What the task asks
Restate word for word the lines of the data below, from the first through the one that has "proof (rule dis_leI)".

Records supplied
theorem mainTheorem4:
  fixes N :: nat and Z :: "'z measure" and X :: "'x measure"
    and G :: "('z \<Rightarrow> real) set" and F :: "('x \<Rightarrow> real) set"
  assumes "N \<ge> 1"
    and "F \<subseteq> borel_measurable X"
    and "G \<subseteq> borel_measurable Z"
    and "composite N Z G X F"
  shows "dis Z G \<le> of_nat N * dis X F"
proof (rule dis_leI)
  fix \<epsilon> \<delta> :: real and \<nu> assume \<epsilon>: "\<epsilon> > 0" and \<delta>: "\<delta> > 0" and \<nu>: "\<nu> \<in> prob_measures Z"
  then have prob: "prob_space \<nu>" and sets_\<nu>: "sets \<nu> = sets Z"
    by (auto simp: prob_measures_def)
  from assms(4) obtain Zp h where Zp: "\<And>i. i < N \<Longrightarrow> Zp i \<in> sets Z" and cover: "(\<Union>i<N. Zp i) = space Z"
    and h: "\<And>i. i < N \<Longrightarrow> h i \<in> measurable (restrict_space Z (Zp i)) X"
    and G: "\<And>g i. g \<in> G \<Longrightarrow> i < N \<Longrightarrow> \<exists>f\<in>F. \<forall>z\<in>Zp i. g z = f (h i z)"
    by (rule compositeE) blast
  have "\<exists>C\<in>sets \<nu>. Zp i \<inter> disagreement_set \<nu> G \<epsilon> \<delta> \<subseteq> C \<and> ennreal (\<delta>\<^sup>2 / \<epsilon>\<^sup>2) * emeasure \<nu> C \<le> dis X F"
    if "i < N" for i
    using disagreement_set_part_cover[OF assms(2) prob sets_\<nu> Zp h G \<epsilon> \<delta>] that by blast
  then obtain C where C: "\<And>i. i < N \<Longrightarrow> C i \<in> sets \<nu>"
    "\<And>i. i < N \<Longrightarrow> Zp i \<inter> disagreement_set \<nu> G \<epsilon> \<delta> \<subseteq> C i"
    "\<And>i. i < N \<Longrightarrow> ennreal (\<delta>\<^sup>2 / \<epsilon>\<^sup>2) * emeasure \<nu> (C i) \<le> dis X F"
    by metis
  have "space Z \<inter> disagreement_set \<nu> G \<epsilon> \<delta> \<subseteq> (\<Union>i<N. C i)"
    using C(2) cover by blast
  then show "ennreal (\<delta>\<^sup>2 / \<epsilon>\<^sup>2) * outer_measure_of \<nu> (space Z \<inter> disagreement_set \<nu> G \<epsilon> \<delta>)
      \<le> of_nat N * dis X F"
    using C(1,3) by (rule outer_measure_of_union_bound)
qed

end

Result of the exercise
theorem mainTheorem4:
  fixes N :: nat and Z :: "'z measure" and X :: "'x measure"
    and G :: "('z \<Rightarrow> real) set" and F :: "('x \<Rightarrow> real) set"
  assumes "N \<ge> 1"
    and "F \<subseteq> borel_measurable X"
    and "G \<subseteq> borel_measurable Z"
    and "composite N Z G X F"
  shows "dis Z G \<le> of_nat N * dis X F"
proof (rule dis_leI)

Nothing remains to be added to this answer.